Белыч понятливо хмыкнул, но на всякий случай спросил еще раз:
— Не скажете? А, Макс?
— Перестань! У тебя своих проблем не хватает, чтоб ещё и наши на себя грузить?
— Ладно. На нет и суда нет. Когда меня будут резать на алтаре "Монолита", я буду пошло вспоминать о двух тысячах баксов, которые остались у Скулла.
— Хорошие, кстати, деньги! — Петрович почти успокоился. — Вот что я тебе скажу, сталкер — поверь, я сделаю все от меня зависящее, чтобы ни "Монолит", ни вшивый Балдерс никаких претезий к тебе не имели. А моё слово стоит недешево. Такой вариант тебя устроит?
— Как промежуточный. Я же все равно с вами до конца буду? Наверное, сам все увижу.

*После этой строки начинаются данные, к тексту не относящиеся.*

lemma istopology_cc_open: "istopology cc_open"
  unfolding istopology_def
proof (intro conjI allI impI)
  fix S T assume S: "cc_open S" and T: "cc_open T"
  show "cc_open (S \<inter> T)"
    unfolding cc_open_def
  proof (intro conjI ballI)
    show "S \<inter> T \<subseteq> A0" using S unfolding cc_open_def by blast
  next
    fix f assume f: "f \<in> S \<inter> T"
    obtain K1 e1 where 1: "compact K1" "K1 \<subseteq> {z. 1 \<le> norm z}" "e1 > 0"
      "{g\<in>A0. \<forall>z\<in>K1. norm (g z - f z) < e1} \<subseteq> S"
      using S f unfolding cc_open_def by (meson IntD1)
    obtain K2 e2 where 2: "compact K2" "K2 \<subseteq> {z. 1 \<le> norm z}" "e2 > 0"
      "{g\<in>A0. \<forall>z\<in>K2. norm (g z - f z) < e2} \<subseteq> T"
      using T f unfolding cc_open_def by (meson IntD2)
    show "\<exists>K e. compact K \<and> K \<subseteq> {z. 1 \<le> norm z} \<and> e > 0 \<and>
        {g\<in>A0. \<forall>z\<in>K. norm (g z - f z) < e} \<subseteq> S \<inter> T"
    proof (intro exI conjI)
      show "compact (K1 \<union> K2)" using 1 2 by blast
      show "K1 \<union> K2 \<subseteq> {z. 1 \<le> norm z}" using 1 2 by blast
      show "min e1 e2 > 0" using 1 2 by simp
      show "{g\<in>A0. \<forall>z\<in>K1 \<union> K2. norm (g z - f z) < min e1 e2} \<subseteq> S \<inter> T"
        using 1(4) 2(4) by auto
    qed
  qed
next
  fix \<K> :: "(complex \<Rightarrow> complex) set set"
  assume "\<forall>K\<in>\<K>. cc_open K"
  then have H: "\<And>K. K \<in> \<K> \<Longrightarrow> cc_open K" by blast
  show "cc_open (\<Union>\<K>)"
    unfolding cc_open_def
  proof (intro conjI ballI)
    show "\<Union>\<K> \<subseteq> A0" using H unfolding cc_open_def by blast
  next
    fix f assume "f \<in> \<Union>\<K>"
    then obtain U where U: "U \<in> \<K>" "f \<in> U" by blast
    then obtain K e where Ke: "compact K" "K \<subseteq> {z. 1 \<le> norm z}" "e > 0"
        "{g\<in>A0. \<forall>z\<in>K. norm (g z - f z) < e} \<subseteq> U"
      using H[OF U(1)] unfolding cc_open_def by meson
    show "\<exists>K e. compact K \<and> K \<subseteq> {z. 1 \<le> norm z} \<and> e > 0 \<and>
        {g\<in>A0. \<forall>z\<in>K. norm (g z - f z) < e} \<subseteq> \<Union>\<K>"
      using Ke U(1) by blast
  qed
qed

definition cc_topology :: "(complex \<Rightarrow> complex) topology" where
  "cc_topology = topology cc_open"

lemma openin_cc_topology: "openin cc_topology = cc_open"
  unfolding cc_topology_def using istopology_cc_open by simp

definition classZ :: "(complex \<Rightarrow> complex) \<Rightarrow> bool" where
  "classZ f \<longleftrightarrow> continuous_on (sphere 0 1) f \<and>
     (\<forall>\<theta>::real.
        Limsup (at_right \<theta>) (\<lambda>y. ereal \<bar>(Re (f (exp (\<i> * of_real y))) - Re (f (exp (\<i> * of_real \<theta>)))) / (y - \<theta>)\<bar>) = \<infinity> \<and>
        Limsup (at_right \<theta>) (\<lambda>y. ereal \<bar>(Im (f (exp (\<i> * of_real y))) - Im (f (exp (\<i> * of_real \<theta>)))) / (y - \<theta>)\<bar>) = \<infinity>)"

end

theory Submission
  imports Defs "HOL-Complex_Analysis.Cauchy_Integral_Formula"
begin

text \<open>The class Z asks the boundary real and imaginary parts to be steep (have unbounded right
  difference quotients) at every point. This is the countable intersection over n of the
  conditions "within distance 1/(n+1) to the right of every point the quotient exceeds n", and
  each such condition is open: by compactness of the circle it holds with a uniform margin,
  which survives uniformly small perturbations on the circle.

  For density, approximate f on a compact set by f(r z) with r slightly larger than 1, whose
  boundary values are locally Lipschitz because f is holomorphic across the circle, and add a
  small multiple of the lacunary series \<open>\<Sum>\<^sub>k 4^(-k) z^(-256^k)\<close>. On the circle its real and
  imaginary parts are Weierstrass-type sums \<open>\<Sum>\<^sub>k 4^(-k) \<phi>(256^k y)\<close>, which are steep everywhere,
  and a Lipschitz function plus a steep one is steep.\<close>

lemma Limsup_ereal_eq_infinity_iff:
  "Limsup F (\<lambda>x. ereal (X x)) = \<infinity> \<longleftrightarrow> (\<forall>M. \<not> eventually (\<lambda>x. X x < M) F)"
proof
  assume inf: "Limsup F (\<lambda>x. ereal (X x)) = \<infinity>"
  show "\<forall>M. \<not> eventually (\<lambda>x. X x < M) F"
  proof (intro allI notI)
    fix M assume "eventually (\<lambda>x. X x < M) F"
    then have "eventually (\<lambda>x. ereal (X x) \<le> ereal M) F"
      by (rule eventually_mono) simp
    then have "Limsup F (\<lambda>x. ereal (X x)) \<le> ereal M"
      by (rule Limsup_bounded)
    with inf show False by simp
  qed
next
  assume unbounded: "\<forall>M. \<not> eventually (\<lambda>x. X x < M) F"
  show "Limsup F (\<lambda>x. ereal (X x)) = \<infinity>"
  proof (rule ccontr)
    assume "Limsup F (\<lambda>x. ereal (X x)) \<noteq> \<infinity>"
    then obtain c where "Limsup F (\<lambda>x. ereal (X x)) \<le> ereal c"
      by (cases "Limsup F (\<lambda>x. ereal (X x))") auto
    moreover have "ereal c < ereal (c + 1)" by simp
    ultimately have "eventually (\<lambda>x. ereal (X x) < ereal (c + 1)) F"
      unfolding Limsup_le_iff by blast
    then have "eventually (\<lambda>x. X x < c + 1) F"
      by (rule eventually_mono) simp
    with unbounded show False by blast
  qed
qed

definition steep_at :: "(real \<Rightarrow> real) \<Rightarrow> real \<Rightarrow> bool" where
  "steep_at w \<theta> \<longleftrightarrow> (\<forall>M b. \<theta> < b \<longrightarrow> (\<exists>y\<in>{\<theta><..<b}. M * (y - \<theta>) < \<bar>w y - w \<theta>\<bar>))"

lemma steep_at_iff_unbounded_quotient:
  "steep_at w \<theta> \<longleftrightarrow> (\<forall>M b. \<theta> < b \<longrightarrow> (\<exists>y\<in>{\<theta><..<b}. M < \<bar>(w y - w \<theta>) / (y - \<theta>)\<bar>))"
  unfolding steep_at_def by (auto simp: abs_div pos_less_divide_eq)

lemma Limsup_difference_quotient_eq_infinity_iff:
  "Limsup (at_right \<theta>) (\<lambda>y. ereal \<bar>(w y - w \<theta>) / (y - \<theta>)\<bar>) = \<infinity> \<longleftrightarrow> steep_at w \<theta>"
proof -
  define q where "q y = \<bar>(w y - w \<theta>) / (y - \<theta>)\<bar>" for y
  have "(\<forall>M. \<not> eventually (\<lambda>y. q y < M) (at_right \<theta>)) \<longleftrightarrow>
      (\<forall>M b. \<theta> < b \<longrightarrow> (\<exists>y\<in>{\<theta><..<b}. M < q y))"
  proof (intro iffI allI impI)
    fix M b assume "\<forall>M. \<not> eventually (\<lambda>y. q y < M) (at_right \<theta>)" "\<theta> < b"
    then obtain y where "y \<in> {\<theta><..<b}" "M + 1 \<le> q y"
      unfolding eventually_at_right_field not_ex not_all not_less
      by (metis greaterThanLessThan_iff less_imp_not_less not_le)
    then show "\<exists>y\<in>{\<theta><..<b}. M < q y" by force
  next
    fix M assume "\<forall>M b. \<theta> < b \<longrightarrow> (\<exists>y\<in>{\<theta><..<b}. M < q y)"
    then show "\<not> eventually (\<lambda>y. q y < M) (at_right \<theta>)"
      unfolding eventually_at_right_field by (metis greaterThanLessThan_iff less_asym)
  qed
  then show ?thesis
    unfolding Limsup_ereal_eq_infinity_iff steep_at_iff_unbounded_quotient q_def .
qed

lemma steep_at_add_locally_lipschitz:
  assumes steep: "steep_at w \<theta>" and "c > 0" and "d > 0"
    and lipschitz: "\<And>y. \<bar>y - \<theta>\<bar> < d \<Longrightarrow> \<bar>v y - v \<theta>\<bar> \<le> C * \<bar>y - \<theta>\<bar>"
  shows "steep_at (\<lambda>y. v y + c * w y) \<theta>"
  unfolding steep_at_def
proof (intro allI impI)
  fix M b assume "\<theta> < b"
  then obtain y where y: "y \<in> {\<theta><..<min b (\<theta> + d)}"
      "((\<bar>M\<bar> + \<bar>C\<bar>) / c) * (y - \<theta>) < \<bar>w y - w \<theta>\<bar>"
    using steep \<open>d > 0\<close> unfolding steep_at_def by (metis less_add_same_cancel1 min_less_iff_conj)
  have "\<bar>v y - v \<theta>\<bar> \<le> \<bar>C\<bar> * (y - \<theta>)"
    using lipschitz[of y] y(1) by (simp add: mult_right_mono order_trans)
  moreover have "(\<bar>M\<bar> + \<bar>C\<bar>) * (y - \<theta>) < c * \<bar>w y - w \<theta>\<bar>"
    using y(2) \<open>c > 0\<close> by (simp add: field_simps)
  moreover have "M * (y - \<theta>) \<le> \<bar>M\<bar> * (y - \<theta>)"
    using y(1) by (intro mult_right_mono) auto
  moreover have "\<bar>c * (w y - w \<theta>)\<bar> = c * \<bar>w y - w \<theta>\<bar>"
    using \<open>c > 0\<close> by (simp add: abs_mult)
  moreover have "(v y + c * w y) - (v \<theta> + c * w \<theta>) = c * (w y - w \<theta>) + (v y - v \<theta>)"
    by (simp add: algebra_simps)
  ultimately have "M * (y - \<theta>) < \<bar>(v y + c * w y) - (v \<theta> + c * w \<theta>)\<bar>"
    by (smt (verit, best) distrib_right)
  then show "\<exists>y\<in>{\<theta><..<b}. M * (y - \<theta>) < \<bar>(v y + c * w y) - (v \<theta> + c * w \<theta>)\<bar>"
    using y(1) by auto
qed

definition uniformly_steep :: "real \<Rightarrow> real \<Rightarrow> (real \<Rightarrow> real) \<Rightarrow> bool" where
  "uniformly_steep \<delta> M w \<longleftrightarrow> (\<forall>\<theta>. \<exists>y\<in>{\<theta><..<\<theta> + \<delta>}. M * (y - \<theta>) < \<bar>w y - w \<theta>\<bar>)"
text \<open>Indices of Z_n are represented by the integers 0,...,n-1; vectors in R^n
  by functions int => real (only the values on 0..n-1 matter).\<close>

definition Zn :: "int \<Rightarrow> int set" where
  "Zn n = {0..<n}"

definition cint :: "int \<Rightarrow> int \<Rightarrow> int \<Rightarrow> int set" where
  "cint n a b = {(a + t) mod n | t. 0 \<le> t \<and> t \<le> (b - a) mod n}"

definition Cset :: "int \<Rightarrow> int \<Rightarrow> int \<Rightarrow> int set" where
  "Cset n k i = {(i + t) mod n | t. 0 \<le> t \<and> t < k}"

definition is_cover :: "int \<Rightarrow> int \<Rightarrow> int set \<Rightarrow> bool" where
  "is_cover n k S \<longleftrightarrow> S \<subseteq> Zn n \<and> (\<forall>i\<in>Zn n. Cset n k i \<inter> S \<noteq> {})"

definition charvec :: "int set \<Rightarrow> int \<Rightarrow> real" where
  "charvec S = (\<lambda>i. if i \<in> S then 1 else 0)"

text \<open>Q(C_n^k): convex hull of the characteristic vectors of the covers
  (the set of covers is finite, so convex combinations of all covers suffice).\<close>
definition Qpoly :: "int \<Rightarrow> int \<Rightarrow> (int \<Rightarrow> real) set" where
  "Qpoly n k = {x. \<exists>\<mu>::int set \<Rightarrow> real.
      (\<forall>S. \<mu> S \<ge> 0) \<and> (\<Sum>S\<in>{S. is_cover n k S}. \<mu> S) = 1 \<and>
      x = (\<lambda>i. \<Sum>S\<in>{S. is_cover n k S}. \<mu> S * charvec S i)}"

— Нет, Белыч, неправильный ты себе позывной выбрал. — Корень скинул разгрузку, освободился от бронежилета, и лег на свободный стол. — Все-таки нужно было Моисеевичем назваться. Ладно, други, свет у нас нынче в дефиците, поэтому объявляю отбой. Кому надо до ветру — прогуляйтесь к шоссе. Только не по одному. Нет, давайте все втроем, Макс ещё на полноценного бойца не тянет.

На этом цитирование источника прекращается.